§ Exercise aim: Scan the lines below for the word "moreover". Copy each line you find it in.

***** Supplied records *****

lemma weak_seminorm_tendsto_0:
  assumes M: "\<And>n. norm (z n) \<le> M" and w: "weak_conv z 0"
  shows "(\<lambda>n. weak_seminorm e (z n)) \<longlonglongrightarrow> 0"
proof (rule order_tendstoI)
  fix a :: real assume "a < 0"
  then show "\<forall>\<^sub>F n in sequentially. a < weak_seminorm e (z n)"
    using weak_seminorm_nonneg less_le_trans by (intro always_eventually allI) blast
next
  fix \<epsilon> :: real assume \<epsilon>: "\<epsilon> > 0"
  have RM: "R \<ge> 0" "M \<ge> 0"
    using e_bound[of 0] M[of 0] norm_ge_zero order_trans by blast+
  define C where "C = 2 * R * M + 1"
  have "2 * R * M \<ge> 0" using RM by simp
  then have C: "C > 0" unfolding C_def by linarith
  obtain N where N: "(1/2::real)^N < \<epsilon> / (2 * C)"
    using real_arch_pow_inv[of "\<epsilon> / (2 * C)" "1/2::real"] \<epsilon> C by auto
  have tail: "2 * R * norm (z n) * (1/2)^N \<le> \<epsilon> / 2" for n
  proof -
    have "R * norm (z n) \<le> R * M" using M[of n] RM by (intro mult_left_mono) auto
    then have "2 * R * norm (z n) * (1/2)^N \<le> C * (1/2)^N"
      by (intro mult_right_mono) (auto simp: C_def)
    also have "\<dots> \<le> C * (\<epsilon> / (2 * C))" using N C by (intro mult_left_mono) auto
    finally show ?thesis using C by simp
  qed
  have "(\<lambda>n. inner (e k) (z n)) \<longlonglongrightarrow> 0" for k
    using w[unfolded weak_conv_def, rule_format, OF bounded_linear_inner_right] by simp
  then have "(\<lambda>n. \<Sum>k<N. (1/2)^k * \<bar>inner (e k) (z n)\<bar>) \<longlonglongrightarrow> (\<Sum>k<N. 0)"
    by (intro tendsto_sum tendsto_mult_right_zero tendsto_rabs_zero)
  then have "\<forall>\<^sub>F n in sequentially. (\<Sum>k<N. (1/2)^k * \<bar>inner (e k) (z n)\<bar>) < \<epsilon> / 2"
    using \<epsilon> by (intro order_tendstoD) auto
  then show "\<forall>\<^sub>F n in sequentially. weak_seminorm e (z n) < \<epsilon>"
  proof eventually_elim
    case (elim n)
    then show ?case using weak_seminorm_le_head_plus_tail[of "z n" N] tail[of n] by linarith
  qed
qed

lemma tendsto_weak_seminorm:
  assumes M: "\<And>n. norm (z n) \<le> M" and w: "weak_conv z l"
  shows "(\<lambda>n. weak_seminorm e (z n)) \<longlonglongrightarrow> weak_seminorm e l"
proof -
  have "norm (z n - l) \<le> M + norm l" for n
    using M[of n] norm_triangle_ineq4[of "z n" l] by linarith
  then have lim0: "(\<lambda>n. weak_seminorm e (z n - l)) \<longlonglongrightarrow> 0"
    by (rule weak_seminorm_tendsto_0[OF _ weak_conv_diff_limit[OF w]])
  have "\<bar>weak_seminorm e (z n) - weak_seminorm e l\<bar> \<le> weak_seminorm e (z n - l)" for n
  proof -
    have "weak_seminorm e (z n) \<le> weak_seminorm e (z n - l) + weak_seminorm e l"
      using weak_seminorm_triangle[of "z n - l" l] by simp
    moreover have "weak_seminorm e l \<le> weak_seminorm e (z n) + weak_seminorm e (z n - l)"
      using weak_seminorm_triangle[of "z n" "l - z n"] weak_seminorm_minus_commute[of "z n" l]
      by simp
    ultimately show ?thesis unfolding abs_le_iff by linarith
  qed
  then have "\<forall>\<^sub>F n in sequentially.
      norm (weak_seminorm e (z n) - weak_seminorm e l) \<le> weak_seminorm e (z n - l)"
    by simp
  from Lim_null_comparison[OF this lim0] show ?thesis by (rule LIM_zero_cancel)
qed

end

definition schauder_weight :: "(nat \<Rightarrow> 'v::real_inner) \<Rightarrow> real \<Rightarrow> 'v \<Rightarrow> 'v \<Rightarrow> real" where
  "schauder_weight e \<epsilon> y p = max 0 (\<epsilon> - weak_seminorm e (y - p))"

definition schauder_proj :: "(nat \<Rightarrow> 'v::real_inner) \<Rightarrow> real \<Rightarrow> 'v set \<Rightarrow> 'v \<Rightarrow> 'v" where
  "schauder_proj e \<epsilon> N y =
     (\<Sum>p\<in>N. (schauder_weight e \<epsilon> y p / (\<Sum>q\<in>N. schauder_weight e \<epsilon> y q)) *\<^sub>R p)"

context
  fixes e :: "nat \<Rightarrow> 'v::real_inner" and R :: real
  assumes e_bound: "\<And>k. norm (e k) \<le> R"
begin

lemma schauder_weight_sum_pos:
  assumes "finite N" "p \<in> N" "weak_seminorm e (y - p) < \<epsilon>"
  shows "(\<Sum>q\<in>N. schauder_weight e \<epsilon> y q) > 0"
  using assms by (intro sum_pos2[of _ p]) (auto simp: schauder_weight_def)

lemma schauder_proj_in_convex_hull:
  assumes N: "finite N" "p \<in> N" "weak_seminorm e (y - p) < \<epsilon>"
  shows "schauder_proj e \<epsilon> N y \<in> convex hull N"
proof -
  let ?w = "\<lambda>q. schauder_weight e \<epsilon> y q / (\<Sum>q\<in>N. schauder_weight e \<epsilon> y q)"
  have pos: "(\<Sum>q\<in>N. schauder_weight e \<epsilon> y q) > 0" by (rule schauder_weight_sum_pos[OF N])
  then have "sum ?w N = 1" by (simp add: sum_divide_distrib[symmetric])
  moreover have "\<forall>q\<in>N. 0 \<le> ?w q" using pos by (simp add: schauder_weight_def)
  ultimately show ?thesis
    unfolding convex_hull_finite[OF N(1)] schauder_proj_def mem_Collect_eq
    by (intro exI[of _ ?w]) simp
qed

*****

§ Response to this exercise:
    moreover have "weak_seminorm e l \<le> weak_seminorm e (z n) + weak_seminorm e (z n - l)"
  moreover have "\<forall>q\<in>N. 0 \<le> ?w q" using pos by (simp add: schauder_weight_def)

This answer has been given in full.